= Beginning of Section =

(* There is $C_0=C_0(N)>0$ such that for every $T>0$, every $f\in\mathcal{VT}_1^+(T)$ and every $\mathbf{x}_0\in\mathbb{R}^N$, $$f(\mathbf{x}_0)\le C_0T^{-\frac N2}\int_{B_{\sqrt T}(\mathbf{x}_0)}f\,d\mathcal{L}^N\le C_0T^{-\frac N2}.$$
   Context: For positive $U\in C^2(\mathbb{R}^N)$, $\tau(U)=\sup\{\tau\ge0:2\tau\nabla^2\log U+g_{\mathbb{R}}\ge0\}$ (inequality of symmetric matrices); $\mathcal{VT}_1^+(T)=\{u\in C^2\cap L^1(\mathbb{R}^N):u>0,\tau(u)\ge T,\int_{\mathbb{R}^N}u\,d\mathcal{L}^N=1\}$. *)

theory Defs
  imports "HOL-Analysis.Analysis"
begin

definition dderiv :: "('a::euclidean_space \<Rightarrow> real) \<Rightarrow> 'a \<Rightarrow> 'a \<Rightarrow> real" where
  "dderiv f v x = frechet_derivative f (at x) v"

definition hess :: "('a::euclidean_space \<Rightarrow> real) \<Rightarrow> 'a \<Rightarrow> 'a \<Rightarrow> 'a \<Rightarrow> real" where
  "hess f x v w = dderiv (dderiv f v) w x"

definition C2 :: "('a::euclidean_space \<Rightarrow> real) \<Rightarrow> bool" where
  "C2 f \<longleftrightarrow> (\<forall>x. f differentiable (at x))
     \<and> (\<forall>v x. (dderiv f v) differentiable (at x))
     \<and> (\<forall>v w. continuous_on UNIV (\<lambda>x. hess f x v w))"

definition tau :: "('a::euclidean_space \<Rightarrow> real) \<Rightarrow> ereal" where
  "tau U = (SUP t \<in> {t::real. t \<ge> 0 \<and>
      (\<forall>x v. 2 * t * hess (\<lambda>y. ln (U y)) x v v + inner v v \<ge> 0)}. ereal t)"

definition VT1 :: "real \<Rightarrow> ('a::euclidean_space \<Rightarrow> real) set" where
  "VT1 T = {u. C2 u \<and> integrable lborel u \<and> (\<forall>x. u x > 0) \<and> tau u \<ge> ereal T
              \<and> (\<integral>x. u x \<partial>lborel) = 1}"

end

(* If tau f >= T, then Hess (ln f) >= -1/(2T), so s |-> ln f (x + s h) + s^2 |h|^2 / (4T) is
   convex.  Comparing its values at s = 0 and s = +-1 gives, for |h| < sqrt T,
     f x <= exp (1/4) * sqrt (f (x + h) * f (x - h)) <= exp (1/4) * (f (x + h) + f (x - h)) / 2.
   Integrating over the ball B of radius sqrt T around x, which the point reflection y |-> 2x - y
   maps onto itself preserving Lebesgue measure, yields |B| f x <= exp (1/4) * int_B f with
   |B| = omega_N T^(N/2).  The second inequality is int_B f <= int f = 1. *)

theory Submission
  imports Defs
begin

lemma has_real_derivative_dderiv_along_line:
  fixes g :: "'a::euclidean_space \<Rightarrow> real"
  assumes "g differentiable at (x + s *\<^sub>R h)"
  shows "((\<lambda>s. g (x + s *\<^sub>R h)) has_real_derivative dderiv g h (x + s *\<^sub>R h)) (at s)"
proof -
  let ?D = "frechet_derivative g (at (x + s *\<^sub>R h))"
  have outer: "(g has_derivative ?D) (at (x + s *\<^sub>R h))"
    using assms frechet_derivative_works by blast
  have inner: "((\<lambda>s. x + s *\<^sub>R h) has_derivative (\<lambda>t. t *\<^sub>R h)) (at s)"
    by (auto intro!: derivative_eq_intros)
  have chain: "((\<lambda>s. g (x + s *\<^sub>R h)) has_derivative (\<lambda>t. ?D (t *\<^sub>R h))) (at s)"
    using diff_chain_at[OF inner outer] by (simp add: o_def)
  have "linear ?D"
    using assms linear_frechet_derivative by blast
  then have "(\<lambda>t. ?D (t *\<^sub>R h)) = (*) (dderiv g h (x + s *\<^sub>R h))"
    by (auto simp: dderiv_def linear_cmul)
  with chain show ?thesis
    by (simp only: has_field_derivative_def)
qed

lemma has_derivative_ln_dderiv:
  fixes u :: "'a::euclidean_space \<Rightarrow> real"
  assumes "u differentiable at x" "u x > 0"
  shows "((\<lambda>y. ln (u y)) has_derivative (\<lambda>v. dderiv u v x / u x)) (at x)"
  using has_derivative_ln[OF assms(2) assms(1)[unfolded frechet_derivative_works]]
  by (simp add: dderiv_def field_simps)

lemma dderiv_ln:
  fixes u :: "'a::euclidean_space \<Rightarrow> real"
  assumes "u differentiable at x" "u x > 0"
  shows "dderiv (\<lambda>y. ln (u y)) v x = dderiv u v x / u x"
  unfolding dderiv_def frechet_derivative_at[OF has_derivative_ln_dderiv[OF assms], symmetric]
  by (simp add: dderiv_def)

lemma tau_le_if_hess_ln_neg:
  fixes U :: "'a::euclidean_space \<Rightarrow> real"
  assumes "hess (\<lambda>y. ln (U y)) x v v < 0"
  shows "tau U \<le> ereal (inner v v / (- 2 * hess (\<lambda>y. ln (U y)) x v v))"
  unfolding tau_def
proof (rule SUP_least)
  let ?H = "hess (\<lambda>y. ln (U y)) x v v"
  fix t assume "t \<in> {t. t \<ge> 0 \<and> (\<forall>x v. 2 * t * hess (\<lambda>y. ln (U y)) x v v + inner v v \<ge> 0)}"
  then have "2 * t * ?H + inner v v \<ge> 0"
    by blast
  then have "t * (- 2 * ?H) \<le> inner v v"
    by (simp add: algebra_simps)
  moreover have "- 2 * ?H > 0"
    using assms by simp
  ultimately show "ereal t \<le> ereal (inner v v / (- 2 * ?H))"
    by (simp only: pos_le_divide_eq ereal_less_eq)
qed

lemma hess_ln_ge_if_tau_ge:
  fixes U :: "'a::euclidean_space \<Rightarrow> real"
  assumes "tau U \<ge> ereal T" "T > 0"
  shows "2 * T * hess (\<lambda>y. ln (U y)) x v v + inner v v \<ge> 0"
proof (rule ccontr)
  let ?H = "hess (\<lambda>y. ln (U y)) x v v"
  assume "\<not> ?thesis"
  then have neg: "inner v v < T * (- 2 * ?H)"
    by (simp add: algebra_simps)
  then have "0 < T * (- 2 * ?H)"
    using inner_ge_zero[of v] by linarith
  then have "?H < 0"
    using assms(2) by (simp add: mult_less_0_iff)
  then have "ereal T \<le> ereal (inner v v / (- 2 * ?H))"
    using assms(1) tau_le_if_hess_ln_neg order_trans by blast
  moreover have "- 2 * ?H > 0"
    using \<open>?H < 0\<close> by simp
  ultimately have "T * (- 2 * ?H) \<le> inner v v"
    by (simp only: ereal_less_eq pos_le_divide_eq)
  with neg show False
    by linarith
qed

lemma convex_on_ln_plus_quadratic_along_line:
  fixes f :: "'a::euclidean_space \<Rightarrow> real"
  assumes "C2 f" "\<And>y. f y > 0" "tau f \<ge> ereal T" "T > 0"
  shows "convex_on UNIV (\<lambda>s. ln (f (x + s *\<^sub>R h)) + s\<^sup>2 * (inner h h / (4 * T)))"
proof -
  define L where "L = (\<lambda>y. ln (f y))"
  define c where "c = inner h h / (4 * T)"
  have f_diff: "f differentiable at y" for y
    using assms(1) by (simp add: C2_def)
  have L_diff: "L differentiable at y" for y
    unfolding L_def differentiable_def using has_derivative_ln_dderiv[OF f_diff assms(2)] by blast
  have DL: "dderiv L h = (\<lambda>y. dderiv f h y / f y)"
    unfolding L_def using dderiv_ln[OF f_diff assms(2)] by blast
  have DL_diff: "dderiv L h differentiable at y" for y
    unfolding DL using assms(1,2) unfolding C2_def
    by (intro differentiable_divide) (auto simp: less_imp_neq[symmetric])
  have D1: "((\<lambda>s. L (x + s *\<^sub>R h) + s\<^sup>2 * c) has_real_derivative
      dderiv L h (x + s *\<^sub>R h) + 2 * s * c) (at s)" for s
    by (intro DERIV_add has_real_derivative_dderiv_along_line L_diff)
      (auto intro!: derivative_eq_intros)
  have D2: "((\<lambda>s. dderiv L h (x + s *\<^sub>R h) + 2 * s * c) has_real_derivative
      hess L (x + s *\<^sub>R h) h h + 2 * c) (at s)" for s
    unfolding hess_def
    by (intro DERIV_add has_real_derivative_dderiv_along_line DL_diff)
      (auto intro!: derivative_eq_intros)
  have D2_nonneg: "hess L (x + s *\<^sub>R h) h h + 2 * c \<ge> 0" for s
  proof -
    have "2 * T * hess L (x + s *\<^sub>R h) h h + inner h h \<ge> 0"
      unfolding L_def by (rule hess_ln_ge_if_tau_ge[OF assms(3,4)])
    then have "2 * T * (hess L (x + s *\<^sub>R h) h h + 2 * c) \<ge> 0"
      using assms(4) by (simp add: c_def algebra_simps)
    then show ?thesis
      using assms(4) by (simp add: zero_le_mult_iff)
  qed
  show ?thesis
    using f''_ge0_imp_convex[OF convex_UNIV D1 D2 D2_nonneg]
    by (simp add: L_def c_def)
qed

lemma le_exp_mult_mean_if_ln_le:
  fixes a b y c :: real
  assumes "a > 0" "b > 0" "y > 0" "ln y \<le> (ln a + ln b) / 2 + c"
  shows "y \<le> exp c * ((a + b) / 2)"
proof -
  have "ln y \<le> ln (sqrt (a * b)) + c"
    using assms by (simp add: ln_sqrt ln_mult)
  then have "y \<le> exp (ln (sqrt (a * b)) + c)"
    using assms(3) by (metis exp_le_cancel_iff exp_ln)
  also have "\<dots> = exp c * sqrt (a * b)"
    using assms by (simp add: exp_add)
  also have "\<dots> \<le> exp c * ((a + b) / 2)"
    using arith_geo_mean_sqrt[of a b] assms by simp
  finally show ?thesis .
qed

lemma VT1_le_exp_mult_midpoint_mean:
  fixes f :: "'a::euclidean_space \<Rightarrow> real"
  assumes "f \<in> VT1 T" "T > 0" "norm h < sqrt T"
  shows "f x \<le> exp (1/4) * ((f (x + h) + f (x - h)) / 2)"
proof -
  have f: "C2 f" "\<And>y. f y > 0" "tau f \<ge> ereal T"
    using assms(1) by (auto simp: VT1_def)
  define \<psi> where "\<psi> = (\<lambda>s. ln (f (x + s *\<^sub>R h)) + s\<^sup>2 * (inner h h / (4 * T)))"
  have "\<psi> ((1 - 1/2) *\<^sub>R 1 + (1/2) *\<^sub>R (-1)) \<le> (1 - 1/2) * \<psi> 1 + (1/2) * \<psi> (-1)"
    unfolding \<psi>_def
    by (rule convex_onD[OF convex_on_ln_plus_quadratic_along_line[OF f assms(2)]]) auto
  then have ln_le: "ln (f x) \<le> (ln (f (x + h)) + ln (f (x - h))) / 2 + inner h h / (4 * T)"
    by (simp add: \<psi>_def algebra_simps add_divide_distrib)
  have "(norm h)\<^sup>2 < (sqrt T)\<^sup>2"
    using assms(3) by (intro power_strict_mono) auto
  then have "inner h h < T"
    using assms(2) by (simp add: power2_norm_eq_inner)
  then have "inner h h / (4 * T) < 1/4"
    using assms(2) by (simp add: divide_less_eq)
  then show ?thesis
    using ln_le f(2) by (intro le_exp_mult_mean_if_ln_le) auto
qed

lemma lborel_distr_point_reflection:
  fixes x :: "'a::euclidean_space"
  shows "distr lborel borel (\<lambda>y. 2 *\<^sub>R x - y) = lborel"
  using lborel_affine[of "-1" "2 *\<^sub>R x"] by (simp add: density_1)

lemma integrable_point_reflection:
  fixes g :: "'a::euclidean_space \<Rightarrow> real"
  assumes "integrable lborel g"
  shows "integrable lborel (\<lambda>y. g (2 *\<^sub>R x - y))"
  using integrable_distr_eq[of "\<lambda>y. 2 *\<^sub>R x - y" lborel borel g] assms
  by (simp add: lborel_distr_point_reflection)

lemma integral_point_reflection:
  fixes g :: "'a::euclidean_space \<Rightarrow> real"
  assumes "g \<in> borel_measurable borel"
  shows "(\<integral>y. g (2 *\<^sub>R x - y) \<partial>lborel) = (\<integral>y. g y \<partial>lborel)"
  using integral_distr[of "\<lambda>y. 2 *\<^sub>R x - y" lborel borel g] assms
  by (simp add: lborel_distr_point_reflection)

lemma point_reflection_mem_ball_iff:
  fixes x y :: "'a::real_normed_vector"
  shows "2 *\<^sub>R x - y \<in> ball x r \<longleftrightarrow> y \<in> ball x r"
proof -
  have "x - (2 *\<^sub>R x - y) = - (x - y)"
    by (simp add: scaleR_2 algebra_simps)
  then have "dist x (2 *\<^sub>R x - y) = dist x y"
    by (simp only: dist_norm norm_minus_cancel)
  then show ?thesis
    by simp
qed

lemma measure_ball_mult_le_set_integral_if_midpoint_le:
  fixes g :: "'a::euclidean_space \<Rightarrow> real"
  assumes g: "integrable lborel g"
    and midpoint: "\<And>h. norm h < r \<Longrightarrow> g x \<le> K * ((g (x + h) + g (x - h)) / 2)"
  shows "measure lborel (ball x r) * g x \<le> K * (\<integral>y\<in>ball x r. g y \<partial>lborel)"
proof -
  define gB where "gB = (\<lambda>y. indicator (ball x r) y * g y)"
  have gB: "integrable lborel gB"
    unfolding gB_def using integrable_mult_indicator[OF _ g] by simp
  have pointwise: "indicator (ball x r) y * g x \<le> K / 2 * (gB y + gB (2 *\<^sub>R x - y))" for y
  proof (cases "y \<in> ball x r")
    case True
    then have "norm (y - x) < r"
      by (simp add: dist_norm norm_minus_commute)
    moreover have reflection: "x - (y - x) = 2 *\<^sub>R x - y"
      by (simp add: scaleR_2 algebra_simps)
    ultimately show ?thesis
      using midpoint[of "y - x"] True point_reflection_mem_ball_iff[of x y r]
      by (simp add: gB_def reflection)
  next
    case False
    then show ?thesis
      using point_reflection_mem_ball_iff[of x y r] by (simp add: gB_def)
  qed
  have ball: "integrable lborel (indicator (ball x r) :: 'a \<Rightarrow> real)"
    by (rule integrable_real_indicator[OF _ emeasure_lborel_ball_finite]) simp
  have "measure lborel (ball x r) * g x = (\<integral>y. indicator (ball x r) y * g x \<partial>lborel)"
    by simp
  also have "\<dots> \<le> (\<integral>y. K / 2 * (gB y + gB (2 *\<^sub>R x - y)) \<partial>lborel)"
    using pointwise ball gB integrable_point_reflection[OF gB]
    by (intro integral_mono) auto
  also have "\<dots> = K * (\<integral>y. gB y \<partial>lborel)"
    using gB integrable_point_reflection[OF gB] integral_point_reflection[of gB x] by simp
  also have "(\<integral>y. gB y \<partial>lborel) = (\<integral>y\<in>ball x r. g y \<partial>lborel)"
    by (simp add: gB_def set_lebesgue_integral_def)
  finally show ?thesis .
qed

lemma set_integral_le_integral_if_nonneg:
  fixes g :: "'a \<Rightarrow> real"
  assumes "integrable M g" "A \<in> sets M" "\<And>x. g x \<ge> 0"
  shows "(\<integral>x\<in>A. g x \<partial>M) \<le> (\<integral>x. g x \<partial>M)"
  unfolding set_lebesgue_integral_def
  using assms integrable_mult_indicator[OF assms(2,1)]
  by (intro integral_mono) (auto simp: indicator_def)

lemma VT1_measure_ball_mult_le_set_integral:
  fixes f :: "'a::euclidean_space \<Rightarrow> real"
  assumes "f \<in> VT1 T" "T > 0"
  shows "unit_ball_vol DIM('a) * T powr (DIM('a) / 2) * f x
    \<le> exp (1/4) * (\<integral>y\<in>ball x (sqrt T). f y \<partial>lborel)"
proof -
  have "measure lborel (ball x (sqrt T)) = unit_ball_vol DIM('a) * T powr (DIM('a) / 2)"
    using assms(2) by (simp add: content_ball real_sqrt_power powr_half_sqrt_powr powr_realpow)
  moreover have "integrable lborel f"
    using assms(1) by (simp add: VT1_def)
  ultimately show ?thesis
    using measure_ball_mult_le_set_integral_if_midpoint_le VT1_le_exp_mult_midpoint_mean[OF assms]
    by metis
qed

theorem mainTheorem14:
  shows "\<exists>C0::real. C0 > 0 \<and>
    (\<forall>T::real. T > 0 \<longrightarrow> (\<forall>f \<in> (VT1 T :: ('a::euclidean_space \<Rightarrow> real) set). \<forall>x0::'a.
       f x0 \<le> C0 * T powr (- real DIM('a) / 2) * (\<integral>x\<in>ball x0 (sqrt T). f x \<partial>lborel)
     \<and> C0 * T powr (- real DIM('a) / 2) * (\<integral>x\<in>ball x0 (sqrt T). f x \<partial>lborel)
         \<le> C0 * T powr (- real DIM('a) / 2)))"
proof (intro exI[of _ "exp (1/4) / unit_ball_vol DIM('a)"] conjI allI impI ballI)
  show "exp (1/4) / unit_ball_vol DIM('a) > 0"
    by simp
  fix T :: real and f :: "'a \<Rightarrow> real" and x0 :: 'a
  assume T: "T > 0" and f: "f \<in> VT1 T"
  let ?C = "exp (1/4) / unit_ball_vol DIM('a) * T powr (- real DIM('a) / 2)"
  let ?I = "\<integral>x\<in>ball x0 (sqrt T). f x \<partial>lborel"
  show "f x0 \<le> ?C * ?I"
    using VT1_measure_ball_mult_le_set_integral[OF f T, of x0] T
    by (simp add: powr_minus field_simps)
  have "?I \<le> 1"
    using set_integral_le_integral_if_nonneg[of lborel f "ball x0 (sqrt T)"] f
    by (auto simp: VT1_def less_imp_le)
  moreover have "?C \<ge> 0"
    by simp
  ultimately show "?C * ?I \<le> ?C"
    by (rule mult_left_le)
qed

end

= End of Section =

### Exercise prompt:
Retype exactly, and only, the lines above from the one where "using assms frechet_derivative_works" occurs up to and including the one where "h)) has_derivative (\<lambda>t." occurs.

### Reply to the exercise:
    using assms frechet_derivative_works by blast
  have inner: "((\<lambda>s. x + s *\<^sub>R h) has_derivative (\<lambda>t. t *\<^sub>R h)) (at s)"
    by (auto intro!: derivative_eq_intros)
  have chain: "((\<lambda>s. g (x + s *\<^sub>R h)) has_derivative (\<lambda>t. ?D (t *\<^sub>R h))) (at s)"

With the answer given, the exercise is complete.